--- Try it ---
Read the records below. Copy each line where the string "close" occurs.

--- Supplied data ---
○ ○ ○ ○ ○

lemma eventually_s_max_lt:
  fixes g c :: real
  assumes "1 < g"
  shows "\<forall>\<^sub>F k in sequentially. \<forall>a b n. 1 \<le> a \<longrightarrow> 1 \<le> b \<longrightarrow> 1 \<le> n \<longrightarrow>
    g ^ 3 \<le> gamma a b \<longrightarrow> real n < c * g ^ (2 * k) \<longrightarrow> s_max a b n < k + 2"
  using eventually_le_pow[OF assms, of "c * g ^ 3"] eventually_ge_at_top[of 1]
proof eventually_elim
  case (elim k)
  then obtain m where k: "k = Suc m" by (cases k) auto
  show ?case
  proof (intro allI impI)
    fix a b n
    assume ab: "1 \<le> a" "1 \<le> b" and n: "1 \<le> n" "real n < c * g ^ (2 * k)"
      and large: "g ^ 3 \<le> gamma a b"
    show "s_max a b n < k + 2"
    proof (rule ccontr)
      assume "\<not> s_max a b n < k + 2"
      then have "gamma a b ^ Suc m \<le> gamma a b * real n"
        using gamma_pow_le_if_le_s_max[OF ab n(1), of "Suc m"] k by simp
      then have "gamma a b ^ m \<le> real n"
        using gamma_gt_1[OF ab] by (simp add: mult_le_cancel_left_pos)
      moreover have "(g ^ 3) ^ m \<le> gamma a b ^ m"
        using large assms by (intro power_mono) auto
      ultimately have "g ^ (3 * m) < c * g ^ (2 * m + 2)"
        using n(2) k by (simp add: power_mult)
      then have "g ^ m * g ^ (2 * m) < (c * g ^ 2) * g ^ (2 * m)"
        by (simp add: power_add[symmetric] mult.assoc mult.commute mult.left_commute)
      then have "g ^ m < c * g ^ 2"
        using assms by simp
      moreover have "c * g ^ 3 \<le> g * g ^ m"
        using elim(1) k by simp
      ultimately show False
        using assms by (simp add: power3_eq_cube power2_eq_square mult.assoc)
    qed
  qed
qed

lemma eventually_card_le_s_max_le:
  fixes g c e :: real
  assumes "1 \<le> a" "1 \<le> b" "0 < g" "g < gamma a b" "0 < e"
  shows "\<forall>\<^sub>F k in sequentially. \<forall>N. real N < c * g ^ (2 * k) \<longrightarrow>
    real (card {n \<in> {1..N}. k + 2 \<le> s_max a b n}) \<le> e * real N"
proof -
  let ?G = "gamma a b"
  have G0: "0 < ?G" using gamma_gt_1[OF assms(1,2)] by simp
  have "\<bar>(g / ?G) ^ 2\<bar> < 1"
    using assms(3,4) G0 by (simp add: power_less_one_iff divide_less_eq)
  then have "(\<lambda>k. c * ?G ^ 3 * ((g / ?G) ^ 2) ^ k) \<longlonglongrightarrow> 0"
    by (intro tendsto_mult_right_zero LIMSEQ_power_zero) simp
  then have "\<forall>\<^sub>F k in sequentially. c * ?G ^ 3 * ((g / ?G) ^ 2) ^ k < e"
    using assms(5) by (rule order_tendstoD(2))
  then show ?thesis
    using eventually_ge_at_top[of 1]
  proof eventually_elim
    case (elim k)
    show ?case
    proof (intro allI impI)
      fix N assume N: "real N < c * g ^ (2 * k)"
      let ?card = "real (card {n \<in> {1..N}. k + 2 \<le> s_max a b n})"
      have "?card * ?G ^ (2 * k) \<le> real N ^ 2 * ?G ^ 3"
        using card_le_s_max_le[OF assms(1,2) elim(2)] .
      then have "?card \<le> real N * (real N * ?G ^ 3 / ?G ^ (2 * k))"
        using G0 by (simp add: pos_le_divide_eq power2_eq_square)
      also have "\<dots> \<le> real N * (c * g ^ (2 * k) * ?G ^ 3 / ?G ^ (2 * k))"
        using N G0 by (intro mult_left_mono divide_right_mono mult_right_mono) auto
      also have "c * g ^ (2 * k) * ?G ^ 3 / ?G ^ (2 * k) = c * ?G ^ 3 * ((g / ?G) ^ 2) ^ k"
        by (simp add: power_mult power_divide)
      also have "real N * \<dots> \<le> real N * e"
        using elim(1) by (intro mult_left_mono) auto
      finally show "?card \<le> e * real N"
        by (simp add: mult.commute)
    qed
  qed
qed

lemma s_max_le:
  assumes "1 \<le> a" "1 \<le> b" "1 \<le> n"
  shows "s_max a b n \<le> n + 1"
proof -
  obtain s x y where s: "s_max a b n \<le> s" "1 \<le> x" "1 \<le> y" "walk a b x y s = n"
    using le_s_max_iff[OF assms, of "s_max a b n"] by blast
  then show ?thesis
    using walk_index_le[OF assms(1,2) s(2-4)] by linarith
qed

lemma Gamma_le_gamma:
  assumes "(a, b) \<in> T"
  shows "Gamma T \<le> gamma a b"
  unfolding Gamma_def
proof (rule cInf_lower)
  show "gamma a b \<in> (\<lambda>(a, b). gamma a b) ` T"
    by (rule image_eqI[of _ _ "(a, b)"]) (simp_all add: assms)
  show "bdd_below ((\<lambda>(a, b). gamma a b) ` T)"
  proof (rule bdd_belowI)
    fix g assume "g \<in> (\<lambda>(a, b). gamma a b) ` T"
    then obtain a b where "g = gamma a b" by auto
    then show "0 \<le> g" using gamma_ge[of a b] by simp
  qed
qed

lemma exists_rival_if_not_in_Eset:
  assumes "valid T" "(\<alpha>', \<beta>') \<in> T" "1 \<le> n" "n \<notin> Eset T {(\<alpha>', \<beta>')}"
  shows "\<exists>a b. (a, b) \<in> T \<and> (a, b) \<noteq> (\<alpha>', \<beta>') \<and> s_max \<alpha>' \<beta>' n \<le> s_max a b n"
proof (rule ccontr)
  assume no_rival: "\<not> ?thesis"
  then have less: "s_max a b n < s_max \<alpha>' \<beta>' n"
    if "(a, b) \<in> T" "(a, b) \<noteq> (\<alpha>', \<beta>')" for a b
    using that by (meson not_le)
  let ?I = "(\<lambda>(a, b). s_max a b n) ` T"
  have "?I \<subseteq> {..n + 1}"
  proof
    fix i assume "i \<in> ?I"
    then obtain a b where ab: "(a, b) \<in> T" "i = s_max a b n" by auto
    then have "1 \<le> a" "1 \<le> b" using assms(1) by (auto simp: valid_def)
    then show "i \<in> {..n + 1}"
      using ab(2) assms(3) s_max_le[of a b n] by simp
  qed
  then have "finite ?I" by (rule finite_subset) simp
  moreover have "s_max \<alpha>' \<beta>' n \<in> ?I"
    by (rule image_eqI[of _ _ "(\<alpha>', \<beta>')"]) (simp_all add: assms(2))
  moreover have "i \<le> s_max \<alpha>' \<beta>' n" if i: "i \<in> ?I" for i
  proof -
    obtain a b where "(a, b) \<in> T" "i = s_max a b n" using i by auto
    then show ?thesis using less[of a b] by (cases "(a, b) = (\<alpha>', \<beta>')") auto
  qed
  ultimately have sbar: "sbar T n = s_max \<alpha>' \<beta>' n"
    unfolding sbar_def by (intro Max_eqI) auto
  have "Sset T n = {(\<alpha>', \<beta>')}"
  proof (intro equalityI subsetI)
    fix q assume "q \<in> Sset T n"
    then obtain a b where "q = (a, b)" "(a, b) \<in> T" "s_max a b n = sbar T n"
      by (auto simp: Sset_def)
    then show "q \<in> {(\<alpha>', \<beta>')}"
      using less[of a b] sbar by auto
  qed (use assms(2) sbar in \<open>simp add: Sset_def\<close>)
  then show False
    using assms(3,4) by (simp add: Eset_def)
qed

lemma not_in_Eset_subset:
  assumes "valid T" "(\<alpha>', \<beta>') \<in> T" "1 \<le> k"
  shows "{1..N} - Eset T {(\<alpha>', \<beta>')}
    \<subseteq> {n \<in> {1..N}. real n \<le> \<beta>' * gamma \<alpha>' \<beta>' ^ (2 * k + 1)}
      \<union> (\<Union>(a, b) \<in> T - {(\<alpha>', \<beta>')}. {n \<in> {1..N}. k + 2 \<le> s_max a b n})"
proof
  fix n assume n: "n \<in> {1..N} - Eset T {(\<alpha>', \<beta>')}"
  show "n \<in> {n \<in> {1..N}. real n \<le> \<beta>' * gamma \<alpha>' \<beta>' ^ (2 * k + 1)}
      \<union> (\<Union>(a, b) \<in> T - {(\<alpha>', \<beta>')}. {n \<in> {1..N}. k + 2 \<le> s_max a b n})"
  proof (cases "real n \<le> \<beta>' * gamma \<alpha>' \<beta>' ^ (2 * k + 1)")
    case False
    have p: "1 \<le> \<alpha>'" "1 \<le> \<beta>'" "coprime \<alpha>' \<beta>'"
      using assms(1,2) by (auto simp: valid_def)
    have "1 \<le> n" "n \<notin> Eset T {(\<alpha>', \<beta>')}" "n \<le> N" using n by auto
    then obtain a b where "(a, b) \<in> T" "(a, b) \<noteq> (\<alpha>', \<beta>')" "s_max \<alpha>' \<beta>' n \<le> s_max a b n"
      using exists_rival_if_not_in_Eset[OF assms(1,2)] by blast
    moreover have "k + 2 \<le> s_max \<alpha>' \<beta>' n"
      using le_s_max_if_gt[OF p assms(3)] False by simp
    ultimately have "n \<in> (\<Union>(a, b) \<in> T - {(\<alpha>', \<beta>')}. {n \<in> {1..N}. k + 2 \<le> s_max a b n})"
      using \<open>1 \<le> n\<close> \<open>n \<le> N\<close> by (intro UN_I[of "(a, b)"]) auto
    then show ?thesis by blast
  qed (use n in auto)
qed

lemma card_not_in_Eset_le:
  assumes "valid T" "(\<alpha>', \<beta>') \<in> T" "1 \<le> k" "finite F"
    and "\<And>a b n. (a, b) \<in> T - {(\<alpha>', \<beta>')} - F \<Longrightarrow> n \<in> {1..N} \<Longrightarrow> s_max a b n < k + 2"
  shows "card ({1..N} - Eset T {(\<alpha>', \<beta>')})
    \<le> card {n \<in> {1..N}. real n \<le> \<beta>' * gamma \<alpha>' \<beta>' ^ (2 * k + 1)}
      + (\<Sum>(a, b) \<in> F. card {n \<in> {1..N}. k + 2 \<le> s_max a b n})"
proof -
  let ?small = "{n \<in> {1..N}. real n \<le> \<beta>' * gamma \<alpha>' \<beta>' ^ (2 * k + 1)}"
  let ?D = "\<lambda>(a, b). {n \<in> {1..N}. k + 2 \<le> s_max a b n}"
  have "{1..N} - Eset T {(\<alpha>', \<beta>')} \<subseteq> ?small \<union> (\<Union>(a, b) \<in> T - {(\<alpha>', \<beta>')}. ?D (a, b))"
    using not_in_Eset_subset[OF assms(1-3)] by simp
  also have "\<dots> \<subseteq> ?small \<union> \<Union>(?D ` F)"
  proof (rule Un_mono[OF subset_refl], rule subsetI)
    fix n assume "n \<in> (\<Union>(a, b) \<in> T - {(\<alpha>', \<beta>')}. ?D (a, b))"
    then obtain a b where ab: "(a, b) \<in> T - {(\<alpha>', \<beta>')}" "n \<in> ?D (a, b)" by blast
    have "(a, b) \<in> F"
    proof (rule ccontr)
      assume "(a, b) \<notin> F"
      then have "s_max a b n < k + 2" using assms(5) ab by simp
      with ab(2) show False by simp
    qed
    with ab show "n \<in> \<Union>(?D ` F)" by blast
  qed
  finally have "card ({1..N} - Eset T {(\<alpha>', \<beta>')}) \<le> card (?small \<union> \<Union>(?D ` F))"
    by (rule card_mono[rotated]) (use assms(4) in \<open>auto simp: case_prod_beta\<close>)
  also have "\<dots> \<le> card ?small + card (\<Union>(?D ` F))"
    by (rule card_Un_le)
  also have "card (\<Union>(?D ` F)) \<le> (\<Sum>q \<in> F. card (?D q))"
    by (rule card_UN_le[OF assms(4)])
  finally show ?thesis
    by (simp add: case_prod_beta)
qed

lemma card_not_in_Eset_le_real:
  fixes x :: real
  assumes "valid T" "(\<alpha>', \<beta>') \<in> T" "1 \<le> k" "finite F"
    and "\<And>a b n. (a, b) \<in> T - {(\<alpha>', \<beta>')} - F \<Longrightarrow> n \<in> {1..N} \<Longrightarrow> s_max a b n < k + 2"
    and "\<And>a b. (a, b) \<in> F \<Longrightarrow> real (card {n \<in> {1..N}. k + 2 \<le> s_max a b n}) \<le> x"
  shows "real (card ({1..N} - Eset T {(\<alpha>', \<beta>')}))
    \<le> \<beta>' * gamma \<alpha>' \<beta>' ^ (2 * k + 1) + card F * x"
proof -
  have "real (card ({1..N} - Eset T {(\<alpha>', \<beta>')}))
      \<le> real (card {n \<in> {1..N}. real n \<le> \<beta>' * gamma \<alpha>' \<beta>' ^ (2 * k + 1)}
        + (\<Sum>(a, b) \<in> F. card {n \<in> {1..N}. k + 2 \<le> s_max a b n}))"
    unfolding of_nat_le_iff by (rule card_not_in_Eset_le[OF assms(1-5)])
  also have "\<dots> = real (card {n \<in> {1..N}. real n \<le> \<beta>' * gamma \<alpha>' \<beta>' ^ (2 * k + 1)})
      + (\<Sum>(a, b) \<in> F. real (card {n \<in> {1..N}. k + 2 \<le> s_max a b n}))"
    by (simp add: of_nat_sum case_prod_beta)
  also have "\<dots> \<le> \<beta>' * gamma \<alpha>' \<beta>' ^ (2 * k + 1) + (\<Sum>(a, b) \<in> F. x)"
    using card_below_real_le gamma_ge[of \<alpha>' \<beta>'] assms(6)
    by (intro add_mono sum_mono) (auto simp: order_trans[OF of_nat_0_le_iff])
  finally show ?thesis
    by simp
qed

○ ○ ○ ○ ○

--- Exercise result ---
  qed (use assms(2) sbar in \<open>simp add: Sset_def\<close>)
      using \<open>1 \<le> n\<close> \<open>n \<le> N\<close> by (intro UN_I[of "(a, b)"]) auto
    by (rule card_mono[rotated]) (use assms(4) in \<open>auto simp: case_prod_beta\<close>)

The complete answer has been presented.